DIRECTIONS FOR THIS TASK
Restate the full set of records exactly, word for word.

DATA EXTRACT
= = = = = = =
(* For all positive integers $n$ and $\ell$, \begin{multline*} r(n,\ell+1)=\frac{-3n^2+3\ell^2-2n\ell-n+5\ell+2}{2(n+\ell+1)^2}+\frac{\ell^2+2n\ell+2n+3\ell}{n+\ell+1}2^{-n}+\frac{n^2+n+2}{2(n+\ell+1)}2^{-\ell}\\ +\frac{1}{4(n+\ell+1)}\sum_{k=1}^{\ell}\Big(4-\frac{2}{n+\ell+1}-2^{k-\ell}\Big)r(n,k) -\frac{n+\ell+2}{2(n+\ell+1)}\sum_{k=1}^{n}\Big(\frac{1}{n+\ell+1}-2^{k-n}\Big)r(k,\ell)\\ -\frac{1}{4(n+\ell+1)}\sum_{k=1}^{n}\sum_{j=1}^{\ell}\big(2^{1+k-n}-2^{j-\ell}\big)r(k,j). \end{multline*}
   Context: For a directed graph with nonnegative adjacency matrix $A=[a_{i,j}]$ ($a_{i,j}>0$ iff there is an edge from $i$ to $j$), let $D$ be the diagonal matrix of out-degrees $d_k=\sum_j a_{k,j}$ and $L=D-A$. For a connected graph (one with a node reachable from every node) on $N$ nodes, let $\Pi=I_N-\frac1N\mathbf{1}_N\mathbf{1}_N^T$, $Q\in\mathbb{R}^{(N-1)\times N}$ with $Q\mathbf{1}_N=0$, $QQ^T=I_{N-1}$, $Q^TQ=\Pi$; $\overline L=QLQ^T$; $\Sigma$ the unique solution of $\overline L\Sigma+\Sigma\overline L^T=I_{N-1}$; $X=2Q^T\Sigma Q$; and the effective resistance $r_{k,j}=x_{k,k}+x_{j,j}-2x_{k,j}$. For integers $n,m\ge1$, $\mathcal{G}^{\mathrm{tree}}_{n,m}$ denotes the unit-weight directed tree with $n+m+1$ nodes formed by a directed path of $n$ edges from one leaf to a root and a directed path of $m$ edges from another leaf to the same root, and $r(n,m)$ denotes the effective resistance between its two leaves. *)

theory Defs
  imports "Jordan_Normal_Form.Matrix" Complex_Main
begin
= = = = = = =
ANSWER TO THE EXERCISE
(* For all positive integers $n$ and $\ell$, \begin{multline*} r(n,\ell+1)=\frac{-3n^2+3\ell^2-2n\ell-n+5\ell+2}{2(n+\ell+1)^2}+\frac{\ell^2+2n\ell+2n+3\ell}{n+\ell+1}2^{-n}+\frac{n^2+n+2}{2(n+\ell+1)}2^{-\ell}\\ +\frac{1}{4(n+\ell+1)}\sum_{k=1}^{\ell}\Big(4-\frac{2}{n+\ell+1}-2^{k-\ell}\Big)r(n,k) -\frac{n+\ell+2}{2(n+\ell+1)}\sum_{k=1}^{n}\Big(\frac{1}{n+\ell+1}-2^{k-n}\Big)r(k,\ell)\\ -\frac{1}{4(n+\ell+1)}\sum_{k=1}^{n}\sum_{j=1}^{\ell}\big(2^{1+k-n}-2^{j-\ell}\big)r(k,j). \end{multline*}
   Context: For a directed graph with nonnegative adjacency matrix $A=[a_{i,j}]$ ($a_{i,j}>0$ iff there is an edge from $i$ to $j$), let $D$ be the diagonal matrix of out-degrees $d_k=\sum_j a_{k,j}$ and $L=D-A$. For a connected graph (one with a node reachable from every node) on $N$ nodes, let $\Pi=I_N-\frac1N\mathbf{1}_N\mathbf{1}_N^T$, $Q\in\mathbb{R}^{(N-1)\times N}$ with $Q\mathbf{1}_N=0$, $QQ^T=I_{N-1}$, $Q^TQ=\Pi$; $\overline L=QLQ^T$; $\Sigma$ the unique solution of $\overline L\Sigma+\Sigma\overline L^T=I_{N-1}$; $X=2Q^T\Sigma Q$; and the effective resistance $r_{k,j}=x_{k,k}+x_{j,j}-2x_{k,j}$. For integers $n,m\ge1$, $\mathcal{G}^{\mathrm{tree}}_{n,m}$ denotes the unit-weight directed tree with $n+m+1$ nodes formed by a directed path of $n$ edges from one leaf to a root and a directed path of $m$ edges from another leaf to the same root, and $r(n,m)$ denotes the effective resistance between its two leaves. *)

theory Defs
  imports "Jordan_Normal_Form.Matrix" Complex_Main
begin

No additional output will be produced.